● **Input material**:
(* Assume the matching setting described in the context. (a) For every matching $M=\{e_1,\ldots,e_k\}$, every $\sigma\in\Omega$ and every ordering of $M$, the iterates $\sigma_0=\sigma$, $\sigma_i=\hat\psi(\{e_i\},\sigma_{i-1})$ satisfy $\{e_1,\ldots,e_i\}\subseteq\sigma_i$ for all $i\in[k]$. In particular $M\subseteq\hat\psi(M,\sigma)$. (b) For every $\sigma\in\Omega$ and all matchings $M,M'$ with $M\cup M'$ a matching, $\hat\psi(M,\hat\psi(M',\sigma))=\hat\psi(M',\hat\psi(M,\sigma))$. Consequently, the resampling oracles $\rho$ defined from $\psi$ are weakly commutative with respect to $\sim$. (c) $(F,\sim)$ is a potential causality graph for these resampling oracles.
   Context: Let $G=(V,E)$ be an undirected graph with $|V|=2n$ of one of the following two types: [P1] $G$ is the complete graph on $V$; [P2] $V$ is partitioned into sets $A_1,B_1,\ldots,A_r,B_r$ with $|A_i|=|B_i|$, and $E=\{\{u,v\}:u\in A_i,v\in B_i,i\in[r]\}$. In both cases $G$ has the property that whenever $(u',u,v,v')$ is a path in $G$ with distinct nodes, $\{u',v'\}\in E$. $\Omega$ is the set of perfect matchings of $G$ (each viewed as a set of edges), and $\mathcal{M}$ is the set of all matchings of $G$. For $M\in\mathcal{M}$ let $f_M=\{\sigma\in\Omega:M\subseteq\sigma\}$. The flaw set $F$ is any set of flaws of the form $f_M$, $M\in\mathcal{M}$, each nonempty. Define $f_M\sim f_{M'}$ iff $M\cup M'$ is not a matching or $M=M'$. Map $\hat\psi:\mathcal{M}\times\Omega\to\Omega$. For a single edge $e=\{u,v\}$ let $u',v'$ be the nodes with $\{u,u'\},\{v,v'\}\in\sigma$, and set $\hat\psi(\{e\},\sigma)=(\sigma\setminus\{\{u,u'\},\{v,v'\}\})\cup\{\{u,v\},\{u',v'\}\}$; this equals $\sigma$ if $e\in\sigma$. For $M=\{e_1,\ldots,e_k\}$ (with $\hat\psi(\varnothing,\sigma)=\sigma$), set $\sigma_0=\sigma$, $\sigma_i=\hat\psi(\{e_i\},\sigma_{i-1})$ and $\hat\psi(M,\sigma)=\sigma_k$; the result does not depend on the ordering of $M$. Resampling oracles: for $f_M\in F$ and $\sigma\in f_M$ let $A(f_M,\sigma)=\{\sigma'\in\Omega:\hat\psi(M,\sigma')=\sigma\}$, and let $\rho(\cdot\mid f_M,\sigma)$ be uniform on $A(f_M,\sigma)$. A step $\sigma\xrightarrow{f}\sigma'$ means $\sigma\in f$ and $\sigma'\in A(f,\sigma)$. Weak commutativity w.r.t. $\sim$: there is an injective map sending each two-step walk $\sigma_1\xrightarrow{f}\sigma_2\xrightarrow{g}\sigma_3$ with $f\not\sim g$ to a walk $\sigma_1\xrightarrow{g}\sigma_2'\xrightarrow{f}\sigma_3$. $(F,\sim)$ is a potential causality graph if for every step $\sigma\xrightarrow{f}\sigma'$ one has $\{g\in F:\sigma'\in g\}\subseteq(\{g\in F:\sigma\in g\}\setminus\{f\})\cup\{g:f\sim g\}$. *)

theory Defs
  imports Main
begin

definition P1_graph :: "'a set \<Rightarrow> 'a set set \<Rightarrow> bool" where
  "P1_graph V E \<longleftrightarrow> E = {{u, v} | u v. u \<in> V \<and> v \<in> V \<and> u \<noteq> v}"

definition P2_graph :: "'a set \<Rightarrow> 'a set set \<Rightarrow> bool" where
  "P2_graph V E \<longleftrightarrow> (\<exists>(r::nat) (A::nat \<Rightarrow> 'a set) (B::nat \<Rightarrow> 'a set).
     (\<forall>i<r. A i \<noteq> {} \<and> B i \<noteq> {} \<and> card (A i) = card (B i)) \<and>
     (\<forall>i<r. \<forall>j<r. A i \<inter> B j = {} \<and> (i \<noteq> j \<longrightarrow> A i \<inter> A j = {} \<and> B i \<inter> B j = {})) \<and>
     V = (\<Union>i<r. A i \<union> B i) \<and>
     E = {{u, v} | u v i. i < r \<and> u \<in> A i \<and> v \<in> B i})"

definition matching :: "'a set set \<Rightarrow> 'a set set \<Rightarrow> bool" where
  "matching E M \<longleftrightarrow> M \<subseteq> E \<and> (\<forall>e\<in>M. \<forall>e'\<in>M. e \<noteq> e' \<longrightarrow> e \<inter> e' = {})"

definition perfect_matching :: "'a set \<Rightarrow> 'a set set \<Rightarrow> 'a set set \<Rightarrow> bool" where
  "perfect_matching V E \<sigma> \<longleftrightarrow> matching E \<sigma> \<and> \<Union>\<sigma> = V"

definition partner :: "'a set set \<Rightarrow> 'a \<Rightarrow> 'a" where
  "partner \<sigma> u = (THE w. {u, w} \<in> \<sigma>)"

definition psi_edge :: "'a set \<Rightarrow> 'a set set \<Rightarrow> 'a set set" where
  "psi_edge e \<sigma> =
     (let u = (SOME u. u \<in> e); v = (SOME v. v \<in> e \<and> v \<noteq> u);
          u' = partner \<sigma> u; v' = partner \<sigma> v
      in (\<sigma> - {{u, u'}, {v, v'}}) \<union> {{u, v}, {u', v'}})"

definition psi_list :: "'a set list \<Rightarrow> 'a set set \<Rightarrow> 'a set set" where
  "psi_list es \<sigma> = fold psi_edge es \<sigma>"

definition psi :: "'a set set \<Rightarrow> 'a set set \<Rightarrow> 'a set set" where
  "psi M \<sigma> = psi_list (SOME es. set es = M \<and> distinct es) \<sigma>"

text \<open>Flaws are indexed by matchings M; the flaw is f_M.\<close>
definition flaw :: "'a set \<Rightarrow> 'a set set \<Rightarrow> 'a set set \<Rightarrow> 'a set set set" where
  "flaw V E M = {\<sigma>. perfect_matching V E \<sigma> \<and> M \<subseteq> \<sigma>}"

definition dep :: "'a set set \<Rightarrow> 'a set set \<Rightarrow> 'a set set \<Rightarrow> bool" where
  "dep E M M' \<longleftrightarrow> \<not> matching E (M \<union> M') \<or> M = M'"

text \<open>Support A(f_M, sigma) of the resampling distribution rho(. | f_M, sigma).\<close>
definition resample_set :: "'a set \<Rightarrow> 'a set set \<Rightarrow> 'a set set \<Rightarrow> 'a set set \<Rightarrow> 'a set set set" where
  "resample_set V E M \<sigma> = {\<sigma>'. perfect_matching V E \<sigma>' \<and> psi M \<sigma>' = \<sigma>}"

definition mstep :: "'a set \<Rightarrow> 'a set set \<Rightarrow> 'a set set \<Rightarrow> 'a set set \<Rightarrow> 'a set set \<Rightarrow> bool" where
  "mstep V E \<sigma> M \<sigma>' \<longleftrightarrow> \<sigma> \<in> flaw V E M \<and> \<sigma>' \<in> resample_set V E M \<sigma>"

definition weakly_commutative ::
  "('s \<Rightarrow> 'f \<Rightarrow> 's \<Rightarrow> bool) \<Rightarrow> 'f set \<Rightarrow> ('f \<Rightarrow> 'f \<Rightarrow> bool) \<Rightarrow> bool" where
  "weakly_commutative step F D \<longleftrightarrow>
     (let W = {(s1, f, s2, g, s3). f \<in> F \<and> g \<in> F \<and> \<not> D f g \<and> step s1 f s2 \<and> step s2 g s3}
      in \<exists>\<Phi>. inj_on \<Phi> W \<and>
         (\<forall>(s1, f, s2, g, s3) \<in> W. \<exists>s2'. \<Phi> (s1, f, s2, g, s3) = (s1, g, s2', f, s3) \<and>
              step s1 g s2' \<and> step s2' f s3))"

definition potential_causality_graph ::
  "('s \<Rightarrow> 'f \<Rightarrow> 's \<Rightarrow> bool) \<Rightarrow> ('f \<Rightarrow> 's set) \<Rightarrow> 'f set \<Rightarrow> ('f \<Rightarrow> 'f \<Rightarrow> bool) \<Rightarrow> bool" where
  "potential_causality_graph step fl F D \<longleftrightarrow>
     (\<forall>f\<in>F. \<forall>s s'. step s f s' \<longrightarrow>
        {g \<in> F. s' \<in> fl g} \<subseteq> ({g \<in> F. s \<in> fl g} - {f}) \<union> {g. D f g})"

end

theory Submission
  imports Defs
begin

text \<open>A perfect matching is the same thing as a fixed-point-free involution of the vertices along
edges (its partner function), and resampling an edge \<open>{a, b}\<close> rematches \<open>a\<close> with \<open>b\<close> and
their old partners with each other. The path property of the graph says exactly that the new pair of
old partners is again an edge, so perfect matchings are preserved. On the level of involutions,
rematching along two disjoint edges commutes, and rematching along an edge already in the matching
does nothing; hence on perfect matchings the single-edge maps along a matching form a commuting
idempotent family, so \<open>\<psi>\<close> along a matching is the finite-set fold of that family, independent of
the ordering, and \<open>\<psi>(M, \<psi>(M', \<sigma>)) = \<psi>(M' \<union> M, \<sigma>)\<close>. Weak commutativity and the causality
graph property follow because a step along \<open>f\<close> is determined by its target, and keeps every
matching compatible with \<open>f\<close>.\<close>

text \<open>The defining formula of \<open>psi_edge\<close> is symmetric in the two endpoints, so the
choice made by \<open>SOME\<close> is irrelevant.\<close>

lemma psi_edge_doubleton:
  assumes "a \<noteq> b"
  shows "psi_edge {a, b} \<sigma> =
    (\<sigma> - {{a, partner \<sigma> a}, {b, partner \<sigma> b}}) \<union> {{a, b}, {partner \<sigma> a, partner \<sigma> b}}"
proof -
  define u where "u = (SOME u. u \<in> {a, b})"
  define v where "v = (SOME v. v \<in> {a, b} \<and> v \<noteq> u)"
  have u: "u \<in> {a, b}" unfolding u_def by (rule someI[of _ a]) simp
  have v: "v \<in> {a, b} \<and> v \<noteq> u"
    unfolding v_def by (rule someI[of _ "if u = a then b else a"]) (use u assms in auto)
  have "(u = a \<and> v = b) \<or> (u = b \<and> v = a)" using u v by auto
  then show ?thesis
    unfolding psi_edge_def Let_def u_def[symmetric] v_def[symmetric] by (auto simp: insert_commute)
qed

lemma matching_subset: "matching E M \<Longrightarrow> N \<subseteq> M \<Longrightarrow> matching E N"
  unfolding matching_def by blast

locale path_closed_graph =
  fixes V :: "'a set" and E :: "'a set set"
  assumes finite_V: "finite V"
    and edge_doubleton: "e \<in> E \<Longrightarrow> \<exists>a b. e = {a, b} \<and> a \<noteq> b \<and> a \<in> V \<and> b \<in> V"
    and path_closed: "\<lbrakk>{x, u} \<in> E; {u, v} \<in> E; {v, y} \<in> E; x \<noteq> v; u \<noteq> y; x \<noteq> y\<rbrakk> \<Longrightarrow> {x, y} \<in> E"
begin

abbreviation PM :: "'a set set \<Rightarrow> bool" where
  "PM \<sigma> \<equiv> perfect_matching V E \<sigma>"

lemma finite_E: "finite E"
  by (rule finite_subset[of _ "Pow V"]) (use edge_doubleton finite_V in auto)

lemma Un_subset_fold_psi_edge:
  assumes "matching E (set es \<union> N)" and "N \<subseteq> \<sigma>"
  shows "set es \<union> N \<subseteq> fold psi_edge es \<sigma>"
  using assms
proof (induction es arbitrary: \<sigma> N)
  case Nil
  then show ?case by simp
next
  case (Cons e es)
  have "e \<in> E" using Cons.prems(1) unfolding matching_def by auto
  then obtain a b where e: "e = {a, b}" "a \<noteq> b" using edge_doubleton by blast
  have "insert e N \<subseteq> psi_edge e \<sigma>"
  proof
    fix e' assume e': "e' \<in> insert e N"
    show "e' \<in> psi_edge e \<sigma>"
    proof (cases "e' = e")
      case False
      then have "e' \<in> \<sigma>" "a \<notin> e'" "b \<notin> e'"
        using Cons.prems e' e(1) unfolding matching_def by auto
      then show ?thesis unfolding e(1) psi_edge_doubleton[OF e(2)] by auto
    qed (simp add: e psi_edge_doubleton)
  qed
  moreover have "set es \<union> insert e N = set (e # es) \<union> N" by simp
  ultimately show ?case using Cons.IH[of "insert e N" "psi_edge e \<sigma>"] Cons.prems(1) by simp
qed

● **Required work**:
Every line in the data above that includes the word "open" should be copied.

● **Result below**:
text \<open>Flaws are indexed by matchings M; the flaw is f_M.\<close>
text \<open>Support A(f_M, sigma) of the resampling distribution rho(. | f_M, sigma).\<close>
text \<open>A perfect matching is the same thing as a fixed-point-free involution of the vertices along
edges (its partner function), and resampling an edge \<open>{a, b}\<close> rematches \<open>a\<close> with \<open>b\<close> and
idempotent family, so \<open>\<psi>\<close> along a matching is the finite-set fold of that family, independent of
the ordering, and \<open>\<psi>(M, \<psi>(M', \<sigma>)) = \<psi>(M' \<union> M, \<sigma>)\<close>. Weak commutativity and the causality
graph property follow because a step along \<open>f\<close> is determined by its target, and keeps every
matching compatible with \<open>f\<close>.\<close>
text \<open>The defining formula of \<open>psi_edge\<close> is symmetric in the two endpoints, so the
choice made by \<open>SOME\<close> is irrelevant.\<close>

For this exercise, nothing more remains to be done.